Rock Joint Rate (RJR); a new method for performance prediction of tunnel boring machines (TBMs) in hard rocks

Abstract

Rock Joint Rate (RJR) is a novel method for predicting the penetration rate (PR) of tunnel boring machines (TBMs) in hard rock environments. This model is devised based on a combination of geological and operational data obtained from a number of tunnels excavated in igneous and sedimentary rocks. The Geological condition, TBM excavation parameters and the tunnel diameter are regarded as the main input parameters in the RJR method. The rock mass uniaxial compressive strength (UCS) and the discontinuities' characteristics along the tunnel excavation axis including the number, frequency, orientation, spacing and aperture of the joints are the principle geological parameters. In addition, the machine thrust force and the cutterhead rotation speed (RPM) have been introduced as the main involved operational parameters of the machine. Easy to use input parameters, the simple investigation procedure, not requiring complicated laboratory tests and the capability to control the overall costs of a project as well as precise estimations of the operation time by dint of accurate determination of penetration rate (PR) are the main advantages of the proposed RJR model. In this method, a number of indices including the machine stress index (MS), strength ratio (SR), raw penetration rate (PRw) and basic penetration rate (PRb), which are derived from the integration of the main input parameters in RJR model are defined for evaluating the penetration rate of the machine.
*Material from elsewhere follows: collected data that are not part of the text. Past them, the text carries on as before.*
lemma no_null_analysis_sequence_orthogonal_to_ker:
  fixes f g :: "nat \<Rightarrow> 'a::{complex_inner, complete_space}"
  assumes f: "bessel_bound f Bf" and g: "bessel_bound g Bg"
    and T: "compact_operator (\<lambda>x. x - synthesis_op g (analysis_op f x))"
    and W: "cspan W = ker_analysis f"
    and u: "\<And>k. norm (u k) = 1" "\<And>k e. e \<in> W \<Longrightarrow> cinner (u k) e = 0"
  shows "\<not> (\<lambda>k. analysis_sqnorm f (u k)) \<longlonglongrightarrow> 0"
proof
  assume u0: "(\<lambda>k. analysis_sqnorm f (u k)) \<longlonglongrightarrow> 0"
  have "bounded (range u)" using u(1) by (intro boundedI[of _ 1]) auto
  then obtain l r where r: "strict_mono r" "(u \<circ> r) \<longlonglongrightarrow> l"
    using compact_perturbation_convergent_subseq[OF T _ synthesis_analysis_tendsto_0[OF f g u0]]
    by blast
  have "(\<lambda>k. norm ((u \<circ> r) k)) \<longlonglongrightarrow> norm l" by (rule tendsto_norm[OF r(2)])
  then have "norm l = 1" using u(1) LIMSEQ_unique[OF _ tendsto_const] by (simp add: comp_def)
  have "cinner l (f m) = 0" for m
  proof -
    have "(\<lambda>k. cinner ((u \<circ> r) k) (f m)) \<longlonglongrightarrow> 0"
      using LIMSEQ_subseq_LIMSEQ[OF cinner_tendsto_0_if_analysis_sqnorm_tendsto_0[OF f u0] r(1)]
      by (simp add: comp_def)
    then show ?thesis using tendsto_cinner_left[OF r(2)] LIMSEQ_unique by blast
  qed
  then have "l \<in> cspan W" unfolding W mem_ker_analysis_iff by blast
  moreover have "cinner l e = 0" if "e \<in> W" for e
    using tendsto_cinner_left[OF r(2), of e] u(2)[OF that] LIMSEQ_unique[OF _ tendsto_const]
    by (simp add: comp_def)
  ultimately have "cinner l l = 0" by (rule cinner_cspan_eq_0[rotated])
  then show False using \<open>norm l = 1\<close> by (simp add: cinner_eq_zero_iff)
qed

lemma analysis_lower_bound_orthogonal_to_ker:
  fixes f g :: "nat \<Rightarrow> 'a::{complex_inner, complete_space}"
  assumes f: "bessel_bound f Bf" and g: "bessel_bound g Bg"
    and T: "compact_operator (\<lambda>x. x - synthesis_op g (analysis_op f x))"
    and W: "cspan W = ker_analysis f"
  obtains c where "0 < c" "\<And>q. (\<forall>e\<in>W. cinner q e = 0) \<Longrightarrow> c * (norm q)\<^sup>2 \<le> analysis_sqnorm f q"
proof -
  have "\<exists>c>0. \<forall>q. (\<forall>e\<in>W. cinner q e = 0) \<longrightarrow> c * (norm q)\<^sup>2 \<le> analysis_sqnorm f q"
  proof (rule ccontr)
    assume "\<not> ?thesis"
    then have small: "\<exists>q. (\<forall>e\<in>W. cinner q e = 0) \<and> analysis_sqnorm f q < c * (norm q)\<^sup>2"
      if "0 < c" for c
      using that by (auto simp: not_le)
    have "\<exists>v. norm v = 1 \<and> (\<forall>e\<in>W. cinner v e = 0) \<and> analysis_sqnorm f v < inverse (real (Suc k))" for k
    proof -
      obtain q where q: "\<forall>e\<in>W. cinner q e = 0" "analysis_sqnorm f q < inverse (real (Suc k)) * (norm q)\<^sup>2"
        using small[of "inverse (real (Suc k))"] by auto
      then have "q \<noteq> 0" using analysis_sqnorm_nonneg[OF f, of q] by auto
      define v where "v = (1 / norm q) *\<^sub>R q"
      have "analysis_sqnorm f v = (1 / norm q)\<^sup>2 * analysis_sqnorm f q"
        unfolding v_def by (rule analysis_sqnorm_scaleR[OF f])
      also have "\<dots> < inverse (real (Suc k))"
        using q(2) \<open>q \<noteq> 0\<close> by (simp add: field_simps power2_eq_square)
      finally show ?thesis
        using \<open>q \<noteq> 0\<close> q(1) by (intro exI[of _ v]) (simp add: v_def cinner_scaleR_left)
    qed
    then obtain u where u: "\<And>k. norm (u k) = 1" "\<And>k e. e \<in> W \<Longrightarrow> cinner (u k) e = 0"
      "\<And>k. analysis_sqnorm f (u k) < inverse (real (Suc k))"
      by metis
    have "(\<lambda>k. analysis_sqnorm f (u k)) \<longlonglongrightarrow> 0"
    proof (rule Lim_null_comparison[OF always_eventually LIMSEQ_inverse_real_of_nat])
      show "\<forall>k. norm (analysis_sqnorm f (u k)) \<le> inverse (real (Suc k))"
        using u(3) analysis_sqnorm_nonneg[OF f] by (simp add: less_imp_le)
    qed
    then show False using no_null_analysis_sequence_orthogonal_to_ker[OF f g T W, of u] u(1,2) by blast
  qed
  then show ?thesis using that by blast
qed
lemma n_index_invertible:
  assumes "f \<in> Sp1" and "det (f - mat 1) \<noteq> 0"
  shows "n_index f = \<lfloor>sgn (f$2$1 / det (f - mat 1))\<rfloor> - 1 - \<lfloor>sgn (det (f - mat 1))\<rfloor>"
proof -
  define A where "A = f - mat 1"
  have img: "imgV f = UNIV"
    using assms(2) by (simp add: imgV_eq_range range_matrix_vector_mult_eq_UNIV A_def)
  then obtain x where x: "A *v x = pv"
    by (metis UNIV_I imageE imgV_eq_range A_def)
  have "x$2 = - f$2$1 / det A"
  proof -
    have "A$1$1 * x$1 + A$1$2 * x$2 = 1" "A$2$1 * x$1 + A$2$2 * x$2 = 0"
      using x by (simp_all add: vec2_eq_iff matrix_vector_mult_2)
    then have "det A * x$2 = - A$2$1"
      unfolding det_2 by algebra
    then show ?thesis
      using assms(2) by (simp add: A_def mat_def field_simps)
  qed
  moreover have "star f pv pv = omega x pv"
    using star_eq[OF assms(1), of x x] x by (simp add: A_def)
  ultimately have "star f pv pv = f$2$1 / det A"
    by (simp add: omega_def)
  moreover have "signature (star f) (lambda0 \<inter> imgV f) = \<lfloor>sgn (star f pv pv)\<rfloor>"
    unfolding img lambda0_def
    by (simp add: signature_line star_scaleR_quadratic[OF assms(1)] img)
  moreover have "sgn_det_form (star f) (imgV f) = sgn (det A)"
    unfolding img A_def by (rule sgn_det_form_UNIV) (use assms star_eq in auto)
  ultimately show ?thesis
    by (simp add: n_index_def img A_def)
qed

lemma star_zero: "f \<in> Sp1 \<Longrightarrow> star f 0 0 = 0"
  using star_eq[of f 0 0] by (simp add: omega_def)

lemma n_index_rank_one:
  assumes "f \<in> Sp1" and "u \<in> imgV f" and "u \<noteq> 0" and "det (f - mat 1) = 0"
  shows "n_index f = signature (star f) (lambda0 \<inter> span {u}) - \<lfloor>sgn (star f u u)\<rfloor>"
proof -
  obtain x where "u = (f - mat 1) *v x"
    using assms(2) by (auto simp: imgV_eq_range)
  then have img: "imgV f = span {u}"
    using assms(3,4) range_matrix_vector_mult_eq_span by (simp add: imgV_eq_range)
  have "sgn_det_form (star f) (imgV f) = sgn (star f u u)"
    unfolding img using assms(1-3) by (simp add: sgn_det_form_line star_scaleR_quadratic)
  then show ?thesis
    using assms(3) by (simp add: n_index_def img)
qed

lemma n_index_transversal:
  assumes "f \<in> Sp1" and "det (f - mat 1) = 0" and "f$2$1 \<noteq> 0"
  shows "n_index f = - \<lfloor>sgn (f$2$1)\<rfloor>"
proof -
  define u where "u = (f - mat 1) *v pv"
  have u: "u$2 = f$2$1"
    by (simp add: u_def matrix_vector_mult_2 mat_def)
  then have "u \<noteq> 0" and "u \<in> imgV f"
    using assms(3) by (auto simp: u_def imgV_eq_range)
  have "lambda0 \<inter> span {u} = {0}"
    using u assms(3) by (auto simp: lambda0_eq span_singleton)
  moreover have "star f u u = f$2$1"
    using star_eq[OF assms(1), of pv pv] u by (simp add: u_def omega_def)
  ultimately show ?thesis
    using n_index_rank_one[OF assms(1) \<open>u \<in> imgV f\<close> \<open>u \<noteq> 0\<close> assms(2)]
    by (simp add: signature_zero star_zero[OF assms(1)])
qed

lemma n_index_imgV_subset_lambda0:
  assumes "f \<in> Sp1" and "imgV f \<subseteq> lambda0"
  shows "n_index f = 0"
proof (cases "imgV f = {0}")
  case True
  then have "lambda0 \<inter> imgV f = {0}"
    by (auto simp: lambda0_def span_zero)
  then show ?thesis
    using True by (simp add: n_index_def signature_zero star_zero[OF assms(1)] sgn_det_form_zero)
next
  case False
  have "0 \<in> imgV f"
    by (simp add: imgV_eq_range image_iff) (metis matrix_vector_mult_0_right)
  with False obtain u where u: "u \<in> imgV f" "u \<noteq> 0"
    by blast
  have "qv \<notin> lambda0"
    by (simp add: lambda0_eq)
  then have "det (f - mat 1) = 0"
    using assms(2) range_matrix_vector_mult_eq_UNIV[of "f - mat 1"] by (auto simp: imgV_eq_range)
  moreover have "lambda0 \<inter> span {u} = span {u}"
    using u assms(2) span_minimal[of "{u}" lambda0] by (auto simp: lambda0_def)
  moreover have "signature (star f) (span {u}) = \<lfloor>sgn (star f u u)\<rfloor>"
    by (rule signature_line) (rule star_scaleR_quadratic[OF assms(1) u(1)])
  ultimately show ?thesis
    using n_index_rank_one[OF assms(1) u] by simp
qed

lemma n_index_Sp1:
  assumes "f \<in> Sp1"
  shows "n_index f = (if f$2$1 > 0 then -1
                      else if f$2$1 < 0 then (if det (f - mat 1) > 0 then -3 else 1)
                      else if f$1$1 > 0 then 0 else -2)"
proof -
  have det_f: "f$1$1 * f$2$2 - f$1$2 * f$2$1 = 1"
    using assms by (simp add: Sp1_iff_det det_2)
  have det_A: "det (f - mat 1) = (f$1$1 - 1) * (f$2$2 - 1) - f$1$2 * f$2$1"
    by (simp add: det_2 mat_def)
  consider (invertible) "det (f - mat 1) \<noteq> 0"
    | (transversal) "det (f - mat 1) = 0" "f$2$1 \<noteq> 0"
    | (unipotent) "det (f - mat 1) = 0" "f$2$1 = 0"
    by blast
  then show ?thesis
  proof cases
    case invertible
    note n = n_index_invertible[OF assms invertible]
    show ?thesis
    proof (cases "f$2$1 = 0")
      case True
      have "f$1$1 * det (f - mat 1) = - ((f$1$1 - 1)^2)"
        using det_f det_A True by algebra
      moreover have "f$1$1 \<noteq> 1"
        using det_f det_A True invertible by auto
      ultimately have "f$1$1 * det (f - mat 1) < 0"
        by simp
      then have "f$1$1 > 0 \<longleftrightarrow> det (f - mat 1) < 0"
        by (auto simp: mult_less_0_iff)
      then show ?thesis
        using n True invertible by (cases "f$1$1 > 0") (simp_all add: floor_minus)
    next
      case False
      then show ?thesis
        using n invertible
        by (cases "f$2$1 > 0"; cases "det (f - mat 1) > 0") (simp_all add: sgn_divide floor_minus)
    qed
  next
    case transversal
    then show ?thesis
      using n_index_transversal[OF assms] by (cases "f$2$1 > 0") (simp_all add: floor_minus)
  next
    case unipotent
    then have "f$1$1 = 1" "f$2$2 = 1"
      using det_f det_A by algebra+
    then have "imgV f \<subseteq> lambda0"
      using unipotent by (auto simp: imgV_eq_range lambda0_eq matrix_vector_mult_2 mat_def)
    then show ?thesis
      using n_index_imgV_subset_lambda0[OF assms] unipotent \<open>f$1$1 = 1\<close> by simp
  qed
qed
lemma Omega_code_minus_min_dist:
  fixes D :: "('a::field \<times> 'a) list"
  assumes two: "(2::'a) \<noteq> 0" and "distinct D" and "\<forall>(x, y)\<in>set D. on_curve s t x y"
    and "case P of Inf \<Rightarrow> True | Aff a b \<Rightarrow> on_curve s t a b \<and> (a, b) \<notin> set D"
    and v: "v \<in> Omega_code_minus k D P" and w: "w \<in> Omega_code_minus k D P" and "v \<noteq> w"
  shows "k - 1 \<le> hamming v w"
proof (rule ccontr)
  define n where "n = length D"
  define S where "S = {i. i < length v \<and> v ! i \<noteq> w ! i}"
  have len: "length v = n" "length w = n"
    using v w by (simp_all add: Omega_code_minus_def dual_code_def n_def)
  have "\<exists>i<n. v ! i \<noteq> w ! i"
    using \<open>v \<noteq> w\<close> len nth_equalityI[of v w] by auto
  then obtain j where "j \<in> S"
    using len unfolding S_def by auto
  assume "\<not> k - 1 \<le> hamming v w"
  then have "card S + 2 \<le> k"
    by (simp add: hamming_def S_def)
  moreover have "S \<subseteq> {..<length D}"
    using len by (auto simp: S_def n_def)
  ultimately obtain u where u: "u \<in> Lcode_minus k D P" "u ! j \<noteq> 0" "\<forall>i\<in>S - {j}. u ! i = 0"
    using Lcode_minus_separating[OF assms(1-4)] \<open>j \<in> S\<close> by blast
  have "(\<Sum>i<n. (v ! i - w ! i) * u ! i) = (\<Sum>i<n. v ! i * u ! i) - (\<Sum>i<n. w ! i * u ! i)"
    by (simp add: left_diff_distrib sum_subtractf)
  also have "\<dots> = 0"
    using u(1) v w by (simp add: Omega_code_minus_def dual_code_def n_def)
  finally have "(\<Sum>i<n. (v ! i - w ! i) * u ! i) = 0" .
  moreover have "(\<Sum>i<n. (v ! i - w ! i) * u ! i) = (v ! j - w ! j) * u ! j"
  proof -
    have "j < n"
      using \<open>j \<in> S\<close> len by (simp add: S_def)
    moreover have "(\<Sum>i\<in>{..<n} - {j}. (v ! i - w ! i) * u ! i) = 0"
      using u(3) len by (intro sum.neutral) (auto simp: S_def)
    ultimately show ?thesis
      by (simp add: sum.remove)
  qed
  ultimately show False
    using \<open>j \<in> S\<close> u(2) by (simp add: S_def)
qed

lemma deep_hole_if_dist_ge_covering_radius:
  fixes C :: "'a::finite list set"
  assumes "C \<subseteq> {u. length u = n}" "C \<noteq> {}" "length v = n"
    and "covering_radius n C \<le> d" "\<forall>c\<in>C. d \<le> hamming v c"
  shows "deep_hole n C v"
proof -
  have "finite {u :: 'a list. length u = n}"
    using finite_lists_length_eq[of "UNIV :: 'a set" n] by simp
  then have "dist_code v C \<le> covering_radius n C"
    unfolding covering_radius_def using assms(3) by (intro Max_ge) auto
  moreover have "d \<le> dist_code v C"
    unfolding dist_code_def using assms \<open>finite {u. length u = n}\<close>
    by (subst Min_ge_iff) (auto intro: finite_subset)
  ultimately show ?thesis
    using assms(3,4) by (simp add: deep_hole_def)
qed

lemma deep_hole_if_Omega_code_minus:
  fixes D :: "('a::{finite,field} \<times> 'a) list"
  assumes two: "(2::'a) \<noteq> 0" and "distinct D" and "\<forall>(x, y)\<in>set D. on_curve s t x y"
    and "case P of Inf \<Rightarrow> True | Aff a b \<Rightarrow> on_curve s t a b \<and> (a, b) \<notin> set D"
    and rho: "covering_radius (length D) (Omega_code k D) = k - 1"
    and v: "v \<in> Omega_code_minus k D P" "v \<notin> Omega_code k D"
  shows "deep_hole (length D) (Omega_code k D) v"
proof (rule deep_hole_if_dist_ge_covering_radius)
  show "Omega_code k D \<subseteq> {u. length u = length D}"
    by (auto simp: Omega_code_def dual_code_def)
  have "replicate (length D) 0 \<in> Omega_code k D"
    unfolding Omega_code_def dual_code_def by (auto intro!: sum.neutral)
  then show "Omega_code k D \<noteq> {}"
    by blast
  show "length v = length D"
    using v(1) by (simp add: Omega_code_minus_def dual_code_def)
  show "covering_radius (length D) (Omega_code k D) \<le> k - 1"
    using rho by simp
  show "\<forall>c\<in>Omega_code k D. k - 1 \<le> hamming v c"
    using Omega_code_minus_min_dist[OF assms(1-4) v(1)] Omega_code_subset_Omega_code_minus v(2)
    by blast
qed

section \<open>Syndromes\<close>

definition moment :: "('a::field \<times> 'a) list \<Rightarrow> 'a list \<Rightarrow> nat \<times> nat \<Rightarrow> 'a" where
  "moment D v m = (\<Sum>l<length D. fst (D ! l) ^ fst m * snd (D ! l) ^ snd m * v ! l)"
Overall, in this research, around 140,000 performance databases corresponding to 22,300 boring strokes of three different tunnels with a total excavated length of about 19 km were utilized to validate the proposed RJR model. According to the acquired results in this study, the estimated value of PR by the suggested method of RJR (PRRJR) shows a good agreement with the field penetration rates (PRField). Therefore, this model can be employed as a new method for predicting the penetration rate of TBMs in hard rocks.